Spelina v. Sporry

279 Ill. App. 376, 1935 Ill. App. LEXIS 114
CourtAppellate Court of Illinois
DecidedMarch 29, 1935
DocketGen. No. 37,630
StatusPublished
Cited by8 cases

This text of 279 Ill. App. 376 (Spelina v. Sporry) is published on Counsel Stack Legal Research, covering Appellate Court of Illinois primary law. Counsel Stack provides free access to over 12 million legal documents including statutes, case law, regulations, and constitutions.

Bluebook
Spelina v. Sporry, 279 Ill. App. 376, 1935 Ill. App. LEXIS 114 (Ill. Ct. App. 1935).

Opinion

Mr. Presiding Justice Friend

delivered the opinion of the court.

Plaintiff brought an action of assault and battery in the circuit court to recover damages for injuries received as a result of an alleged wilful assault by defendant Ernest Sporry, superintendent of E. J. Albrecht Co. (hereinafter referred to as the corporation), his employer, by means of a deadly weapon. The jury awarded plaintiff $12,000, presumably including punitive damages, upon which judgment was duly entered. The joint appeal by defendants followed.

The declaration charged that the corporation, engaged in constructing a bridge in the Forest Preserve District in Cook county, Illinois, employed Ernest Sporry as its superintendent, and invested him with a shotgun for purposes unknown to plaintiff; that Sporry, while acting within the scope of his employment, with force and arms assaulted and shot plaintiff with said gun and so wounded and injured him that he was rendered incapable of attending to his business affairs, necessitating the expenditure by him of $500 in endeavoring to be cured of his wounds, and that said wrongs were done by Sporry to plaintiff against the peace of the People of Illinois, to the damage of plaintiff in the sum of $50,000.

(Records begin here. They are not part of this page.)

lemma active_imp_open_edge_and_path:
  assumes "2 \<le> L"
  shows "j \<in> active t \<Longrightarrow> (\<exists>w. open_edge L X (j, t) w \<or> open_edge L X w (j, t)) \<and>
    (\<exists>i\<in>{1..L}. (open_adj L X)\<^sup>*\<^sup>* (i, 0) (j, t))"
proof (induction t arbitrary: j)
  case 0
  then have j: "1 \<le> j" "j \<le> L" by auto
  have "\<exists>w. open_edge L X (j, 0) w \<or> open_edge L X w (j, 0)"
  proof (cases "j + 1 \<le> L")
    case True
    then show ?thesis using open_edge.base[OF j(1) True] by blast
  next
    case False
    then have "j = (j - 1) + 1" "1 \<le> j - 1" "(j - 1) + 1 \<le> L" using j assms by auto
    then show ?thesis using open_edge.base[of "j - 1" L X] by metis
  qed
  then show ?case using j by auto
next
  case (Suc t)
  then obtain i where i: "i \<in> active t" "X i t" "i \<le> j + 1" "j \<le> i + 1" and j: "j \<in> {1..L}"
    by auto
  from Suc.IH[OF i(1)] obtain i0 where edge: "\<exists>w. open_edge L X (i, t) w \<or> open_edge L X w (i, t)"
    and i0: "i0 \<in> {1..L}" "(open_adj L X)\<^sup>*\<^sup>* (i0, 0) (i, t)"
    by blast
  have "open_edge L X (i, t) (j, t + 1)"
    using open_edge.up[OF edge i(2)] i j by auto
  moreover from this have "(open_adj L X)\<^sup>*\<^sup>* (i0, 0) (j, Suc t)"
    using i0(2) by (simp add: open_adj_def rtranclp.rtrancl_into_rtrancl)
  ultimately show ?case using i0(1) by auto
qed

lemma open_edge_active: "open_edge L X u v \<Longrightarrow> fst u \<in> active (snd u) \<and> fst v \<in> active (snd v)"
  by (induction rule: open_edge.induct) auto

lemma reaches_iff_active:
  assumes "2 \<le> L"
  shows "reaches L X T \<longleftrightarrow> active T \<noteq> {}"
proof
  assume "reaches L X T"
  then obtain i j where ij: "i \<in> {1..L}" "(open_adj L X)\<^sup>*\<^sup>* (i, 0) (j, T)"
    by (auto simp: reaches_def)
  from ij(2) show "active T \<noteq> {}"
  proof (cases rule: rtranclp.cases)
    case rtrancl_refl
    then show ?thesis using ij(1) by auto
  next
    case (rtrancl_into_rtrancl b)
    then have "open_edge L X b (j, T) \<or> open_edge L X (j, T) b" by (simp add: open_adj_def)
    then have "j \<in> active T" using open_edge_active by fastforce
    then show ?thesis by auto
  qed
next
  assume "active T \<noteq> {}"
  then obtain j where j: "j \<in> active T" by auto
  then have "j \<in> {1..L}" using active_subset[of T] by blast
  then show "reaches L X T"
    unfolding reaches_def using active_imp_open_edge_and_path[OF assms j] by blast
qed

end

section \<open>The Peierls estimate\<close>

lemma (in prob_space) prob_Inter_compl_indep_events:
  assumes "indep_events E I" "J \<subseteq> I" "finite J" "J \<noteq> {}"
  shows "prob (\<Inter>j\<in>J. space M - E j) = (\<Prod>j\<in>J. prob (space M - E j))"
proof -
  have "indep_sets (\<lambda>i. {E i}) I" using assms(1) by (simp add: indep_events_def_alt)
  then have "indep_sets (\<lambda>i. sigma_sets (space M) {E i}) I"
    by (rule indep_sets_sigma) (auto simp: Int_stable_def)
  moreover have "(\<lambda>j. space M - E j) \<in> Pi J (\<lambda>i. sigma_sets (space M) {E i})"
    by (auto intro: sigma_sets.Compl)
  ultimately show ?thesis using assms(2-4) unfolding indep_sets_def by blast
qed

locale coin_field = prob_space M for M :: "'a measure" +
  fixes E :: "nat \<times> nat \<Rightarrow> 'a set"
  assumes indep: "indep_events E UNIV"
    and events_E: "E u \<in> events"
    and prob_E: "0.99 \<le> prob (E u)"
begin

lemma events_active: "{\<omega> \<in> space M. j \<in> percolation.active L (\<lambda>i t. \<omega> \<in> E (i, t)) t} \<in> events"
proof (induction t arbitrary: j)
  case 0
  show ?case by (cases "j \<in> {1..L}") (auto simp: percolation.active.simps)
next
  case (Suc t)
  let ?A = "\<lambda>i t. {\<omega> \<in> space M. i \<in> percolation.active L (\<lambda>i t. \<omega> \<in> E (i, t)) t}"
  have "?A j (Suc t) = (if j \<in> {1..L}
      then (\<Union>i\<in>{i \<in> {1..L}. i \<le> j + 1 \<and> j \<le> i + 1}. ?A i t \<inter> E (i, t)) else {})"
    unfolding percolation.active_Suc_iff by auto
  then show ?case using Suc events_E by auto
qed

lemma prob_all_closed_le:
  assumes "g \<noteq> []" "distinct g"
  shows "prob {\<omega> \<in> space M. \<forall>u\<in>set g. \<omega> \<notin> E u} \<le> (1/100) ^ length g"
proof -
  have "{\<omega> \<in> space M. \<forall>u\<in>set g. \<omega> \<notin> E u} = (\<Inter>u\<in>set g. space M - E u)"
    using assms(1) by auto
  then have "prob {\<omega> \<in> space M. \<forall>u\<in>set g. \<omega> \<notin> E u} = (\<Prod>u\<in>set g. prob (space M - E u))"
    using prob_Inter_compl_indep_events[OF indep] assms(1) by simp
  also have "\<dots> \<le> (\<Prod>u\<in>set g. 1/100)"
  proof (rule prod_mono)
    fix u
    have "prob (space M - E u) = 1 - prob (E u)" by (rule prob_compl[OF events_E])
    then show "0 \<le> prob (space M - E u) \<and> prob (space M - E u) \<le> 1/100"
      using prob_E[of u] by auto
  qed
  also have "\<dots> = (1/100) ^ length g" using assms(2) by (simp add: distinct_card)
  finally show ?thesis .
qed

Defendants, having first filed a plea of the general issue, obtained leave of court to file a special plea on the date of the trial, wherein they allege in substance that in the construction of said bridge the corporation purchased and owned certain lumber used for erecting scaffolds along said bridge; that plaintiff, with others, unlawfully came upon the bridge and scaffolding, destroyed the same, and was attempting to steal certain parts of the lumber; that when defendants requested plaintiff to desist he refused to do so, and thereupon Sporry, in defense of said property and to prevent the demolition of the scaffolding and the stealing and carrying away of said lumber, shot plaintiff as alleged in the declaration, “but in doing so used no more force than was reasonably necessary.”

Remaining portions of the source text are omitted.